The Hindu / Wednesday, April 21, 1999 / By Our Legal Correspondent
NEW DELHI, APRIL 20. A Public Interest Litigation (PIL) writ petition has been filed in the Supreme Court by the Research Foundation for Science, Technology and Ecology (RFSTE) through its Director, Dr. Vandana Shiva, along with four other organisations challenging the constitutionality of the Patents (Amendment) Act, 1999.
The other co-petitioners are the Lok Shakti Abhiyan through its Patron and former Lok Sabha Speaker, Mr. Rabi Ray, the Bhartiya Kissan Union (Ambavat), the People's Union for Civil Liberty (PUCL) and the Azadi Bachao Andolan.
The Act has been challenged as being "totally against the public interest, public health, national interest and the Constitution." Even the 167th Report of the Law Commission of India on the Patents (Amendment) Bill, 1998 was not considered/debated in Parliament, the petition contended. The report had drawn attention of the Government to the Exemption Clauses in the Trade Related aspects of Intellectual Property rights(TRIPS), pointing out that these provisions permit India to claim exemptions from TRIPs on the grounds of public health, public interest and public order.
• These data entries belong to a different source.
section \<open>Real inequalities and power sums\<close>

lemma square_sum_le_card_mult_sum_squares:
  fixes f :: "'a \<Rightarrow> real"
  shows "(\<Sum>u\<in>S. f u)\<^sup>2 \<le> card S * (\<Sum>u\<in>S. (f u)\<^sup>2)"
proof -
  have "0 \<le> (\<Sum>u\<in>S. \<Sum>w\<in>S. (f u - f w)\<^sup>2)" by (intro sum_nonneg) auto
  also have "\<dots> = 2 * (card S * (\<Sum>u\<in>S. (f u)\<^sup>2) - (\<Sum>u\<in>S. f u)\<^sup>2)"
    by (simp add: power2_diff sum.distrib sum_subtractf sum_distrib_left sum_distrib_right
        power2_eq_square sum_product algebra_simps)
  finally show ?thesis by simp
qed

lemma le_if_power_le_const_mult_power:
  fixes x y c :: real
  assumes le: "\<And>j. y ^ j \<le> c * x ^ j" and "0 \<le> x" "0 < y"
  shows "y \<le> x"
proof (rule ccontr)
  assume "\<not> y \<le> x"
  then have "(\<lambda>j. c * (x / y) ^ j) \<longlonglongrightarrow> c * 0"
    using assms by (intro tendsto_mult tendsto_const LIMSEQ_power_zero) auto
  then have "eventually (\<lambda>j. c * (x / y) ^ j < 1) sequentially"
    by (intro order_tendstoD) auto
  then obtain j where "c * (x / y) ^ j < 1"
    by (auto simp: eventually_sequentially)
  moreover have "1 \<le> c * (x / y) ^ j"
    using le[of j] \<open>0 < y\<close> by (simp add: power_divide field_simps)
  ultimately show False by simp
qed

text \<open>If the smallest element \<open>-s\<close> had larger modulus than the maximum, all other elements
  would have modulus at most some \<open>t < s\<close>, and the odd power sums would eventually be
  negative.\<close>
lemma abs_le_Max_if_power_sums_nonneg:
  fixes rs :: "real list"
  assumes "r \<in> set rs" and nonneg: "\<And>k. 0 \<le> (\<Sum>x\<leftarrow>rs. x ^ k)"
  shows "\<bar>r\<bar> \<le> Max (set rs)"
proof -
  define M where "M = Max (set rs)"
  define \<mu> where "\<mu> = Min (set rs)"
  have le_M: "x \<le> M" and ge_\<mu>: "\<mu> \<le> x" if "x \<in> set rs" for x
    using that unfolding M_def \<mu>_def by auto
  have \<mu>: "\<mu> \<in> set rs" unfolding \<mu>_def using assms(1) by (intro Min_in) auto
  have "- \<mu> \<le> M"
  proof (rule ccontr)
    assume "\<not> - \<mu> \<le> M"
    define s where "s = - \<mu>"
    define t where "t = Max (insert 0 (abs ` (set rs - {\<mu>})))"
    have s: "M < s" "0 < s" using \<open>\<not> - \<mu> \<le> M\<close> le_M[OF \<mu>] by (auto simp: s_def)
    have t: "0 \<le> t" "t < s"
      using s le_M ge_\<mu> by (fastforce simp: t_def abs_less_iff s_def Max_less_iff)+
    have odd_le: "x ^ (2 * j + 1) \<le> t ^ (2 * j + 1)" if "x \<in> set rs" for x j
    proof (cases "x = \<mu>")
      case True
      then have "x ^ (2 * j + 1) = - (s ^ (2 * j + 1))" by (simp add: s_def power_minus_odd)
      moreover have "0 \<le> s ^ (2 * j + 1)" "0 \<le> t ^ (2 * j + 1)" using s t by simp_all
      ultimately show ?thesis by linarith
    next
      case False
      then have "\<bar>x\<bar> \<le> t" unfolding t_def using that by (intro Max_ge) auto
      have "x ^ (2 * j + 1) \<le> \<bar>x\<bar> ^ (2 * j + 1)" by (metis abs_ge_self power_abs)
      also have "\<dots> \<le> t ^ (2 * j + 1)" using \<open>\<bar>x\<bar> \<le> t\<close> by (intro power_mono) auto
      finally show ?thesis .
    qed
    have "(s\<^sup>2) ^ j \<le> (length rs * t / s) * (t\<^sup>2) ^ j" for j
    proof -
      let ?m = "2 * j + 1"
      have "0 \<le> \<mu> ^ ?m + (\<Sum>x\<leftarrow>remove1 \<mu> rs. x ^ ?m)"
        using nonneg[of ?m] sum_list_map_remove1[OF \<mu>, of "\<lambda>x. x ^ ?m"] by simp
      also have "\<dots> \<le> - (s ^ ?m) + (\<Sum>x\<leftarrow>remove1 \<mu> rs. t ^ ?m)"
        using odd_le by (intro add_mono sum_list_mono) (auto simp: s_def power_minus_odd
            dest: notin_set_remove1)
      also have "\<dots> \<le> - (s ^ ?m) + length rs * t ^ ?m"
        using t \<mu> by (simp add: sum_list_triv length_remove1 mult_right_mono)
      finally have "s * (s\<^sup>2) ^ j \<le> s * ((length rs * t / s) * (t\<^sup>2) ^ j)"
        using s by (simp add: power_mult[symmetric] field_simps)
      from this s(2) show ?thesis by (rule mult_left_le_imp_le)
    qed
    then have "s\<^sup>2 \<le> t\<^sup>2" by (rule le_if_power_le_const_mult_power) (use s in simp_all)
    then show False using s t by (simp add: power_mono_iff)
  qed
  then show ?thesis using le_M[OF assms(1)] ge_\<mu>[OF assms(1)] unfolding M_def by linarith
qed

lemma Max_nonneg_if_power_sums_nonneg:
  fixes rs :: "real list"
  assumes "rs \<noteq> []" and "\<And>k. 0 \<le> (\<Sum>x\<leftarrow>rs. x ^ k)"
  shows "0 \<le> Max (set rs)"
  using abs_le_Max_if_power_sums_nonneg[OF list.set_sel(1)[OF assms(1)] assms(2)] by simp

lemma power_sums_lower_bound_imp_le_Max_power:
  fixes rs :: "real list"
  assumes ne: "rs \<noteq> []" and nonneg: "\<And>k. 0 \<le> (\<Sum>x\<leftarrow>rs. x ^ k)" and "0 \<le> y"
    and lower: "\<And>j. y ^ (2 * j) \<le> (\<Sum>x\<leftarrow>rs. x ^ (2 * j * d))"
  shows "y \<le> Max (set rs) ^ d"
proof -
  define lam where "lam = Max (set rs)"
  have abs_le: "\<bar>x\<bar> \<le> lam" if "x \<in> set rs" for x
    unfolding lam_def using abs_le_Max_if_power_sums_nonneg[OF that nonneg] .
  have "0 \<le> lam" unfolding lam_def using Max_nonneg_if_power_sums_nonneg[OF ne nonneg] .
  have "(y\<^sup>2) ^ j \<le> length rs * ((lam ^ d)\<^sup>2) ^ j" for j
  proof -
    have "(y\<^sup>2) ^ j \<le> (\<Sum>x\<leftarrow>rs. \<bar>x\<bar> ^ (2 * j * d))"
      using lower[of j] by (simp add: power_mult[symmetric] power_even_abs)
    also have "\<dots> \<le> (\<Sum>x\<leftarrow>rs. lam ^ (2 * j * d))"
      using abs_le by (intro sum_list_mono power_mono) auto
    also have "\<dots> = length rs * ((lam ^ d)\<^sup>2) ^ j"
      by (simp add: sum_list_triv power_mult[symmetric] ac_simps)
    finally show ?thesis .
  qed
  then have "y = 0 \<or> y\<^sup>2 \<le> (lam ^ d)\<^sup>2"
    using \<open>0 \<le> y\<close> \<open>0 \<le> lam\<close>
      le_if_power_le_const_mult_power[where x = "(lam ^ d)\<^sup>2" and y = "y\<^sup>2"] by force
  then show ?thesis
    unfolding lam_def[symmetric] using \<open>0 \<le> lam\<close> by (auto intro: power2_le_imp_le)
qed

lemma add_one_less_exp:
  fixes x :: real
  assumes "x \<noteq> 0"
  shows "1 + x < exp x"
proof (cases "0 \<le> 1 + x / 2")
  case True
  have "1 + x < (1 + x / 2)\<^sup>2"
    using assms by (simp add: power2_eq_square field_simps) (metis not_real_square_gt_zero)
  also have "\<dots> \<le> (exp (x / 2))\<^sup>2"
    using True by (intro power_mono) auto
  also have "\<dots> = exp x" by (simp flip: exp_double)
  finally show ?thesis .
qed (use exp_gt_zero[of x] in linarith)

lemma exp_minus_self_mono:
  fixes x y :: real
  assumes "0 \<le> x" "x \<le> y"
  shows "exp x - x \<le> exp y - y"
proof -
  have "exp x * (1 + (y - x)) \<le> exp x * exp (y - x)"
    by (intro mult_left_mono) auto
  moreover have "1 * (y - x) \<le> exp x * (y - x)"
    using assms by (intro mult_right_mono) auto
  ultimately show ?thesis by (simp add: algebra_simps flip: exp_add)
qed

lemma sum_list_one_plus_less_sum_exp:
  fixes xs :: "real list"
  assumes "x \<in> set xs" "x \<noteq> 0"
  shows "(\<Sum>r\<leftarrow>xs. 1 + r) < (\<Sum>r\<leftarrow>xs. exp r)"
proof -
  have "(\<Sum>r\<leftarrow>remove1 x xs. 1 + r) \<le> (\<Sum>r\<leftarrow>remove1 x xs. exp r)"
    by (intro sum_list_mono) simp
  with add_one_less_exp[OF assms(2)] show ?thesis
    by (simp add: sum_list_map_remove1[OF assms(1)])
qed

lemma sum_exp_gt_if_sum_zero:
  fixes rs :: "real list"
  assumes len: "length rs = n" and "2 \<le> n" and sum0: "sum_list rs = 0"
    and "0 < R" "R \<le> Max (set rs)"
  shows "exp R + (real n - 1) - R < (\<Sum>r\<leftarrow>rs. exp r)"
proof -
  define lam where "lam = Max (set rs)"
  define rest where "rest = remove1 lam rs"
  have lam_in: "lam \<in> set rs" unfolding lam_def using len \<open>2 \<le> n\<close> by (intro Max_in) auto
  have split: "(\<Sum>r\<leftarrow>rs. f r) = f lam + (\<Sum>r\<leftarrow>rest. f r)" for f :: "real \<Rightarrow> real"
    unfolding rest_def by (rule sum_list_map_remove1[OF lam_in])
  have "sum_list rest = - lam" using split[of "\<lambda>x. x"] sum0 by simp
  moreover have "0 < lam" using assms unfolding lam_def by simp
  ultimately have "\<not> (\<forall>x\<in>set rest. x = 0)"
    by (induction rest) auto
  then obtain x where "x \<in> set rest" "x \<noteq> 0" by blast
  then have "(\<Sum>r\<leftarrow>rest. 1 + r) < (\<Sum>r\<leftarrow>rest. exp r)"
    by (rule sum_list_one_plus_less_sum_exp)
  moreover have "(\<Sum>r\<leftarrow>rest. 1 + r) = (real n - 1) - lam"
    using \<open>sum_list rest = - lam\<close> lam_in len \<open>2 \<le> n\<close>
    by (simp add: sum_list_addf sum_list_triv rest_def length_remove1 of_nat_diff)
  moreover have "exp R - R \<le> exp lam - lam"
    using assms unfolding lam_def by (intro exp_minus_self_mono) auto
  ultimately show ?thesis using split[of exp] by linarith
qed

section \<open>Walks in simple graphs\<close>

lemma adj_mat_carrier: "adj_mat n E \<in> carrier_mat n n"
  by (simp add: adj_mat_def)

lemma adj_mat_index: "i < n \<Longrightarrow> j < n \<Longrightarrow> adj_mat n E $$ (i,j) = (if E i j then 1 else 0)"
  by (simp add: adj_mat_def)

lemma transpose_adj_mat: "simple_graph n E \<Longrightarrow> transpose_mat (adj_mat n E) = adj_mat n E"
  by (rule eq_matI) (auto simp: adj_mat_def simple_graph_def)

lemma adj_mat_pow_nonneg: "i < n \<Longrightarrow> j < n \<Longrightarrow> 0 \<le> (adj_mat n E ^\<^sub>m k) $$ (i,j)"
proof (induction k arbitrary: j)
  case (Suc k)
  then show ?case using adj_mat_carrier[of n E]
    by (auto simp: scalar_prod_def adj_mat_index intro!: sum_nonneg)
qed (simp add: adj_mat_def)

lemma adj_mat_pow_sym:
  assumes "simple_graph n E" "i < n" "j < n"
  shows "(adj_mat n E ^\<^sub>m k) $$ (i,j) = (adj_mat n E ^\<^sub>m k) $$ (j,i)"
  using transpose_pow_mat[OF adj_mat_carrier, of n E k] assms
  by (metis index_transpose_mat(1) pow_mat_dim_square adj_mat_carrier carrier_matD
      transpose_adj_mat)

definition walk_count :: "nat \<Rightarrow> (nat \<Rightarrow> nat \<Rightarrow> bool) \<Rightarrow> nat \<Rightarrow> nat \<Rightarrow> real" where
  "walk_count n E k v = (\<Sum>u<n. (adj_mat n E ^\<^sub>m k) $$ (v,u))"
The impugned Act would seriously affect the biodiversity of the country which the Government undertook to protect by bringing in the Biodiversity Act, the petition pleaded and submitted that, for example, under the Act, even the biopirate of our biodiversity and indigenous knowledge can get an EMR (Exclusive Marketing Rights) in our own country, the petition contended.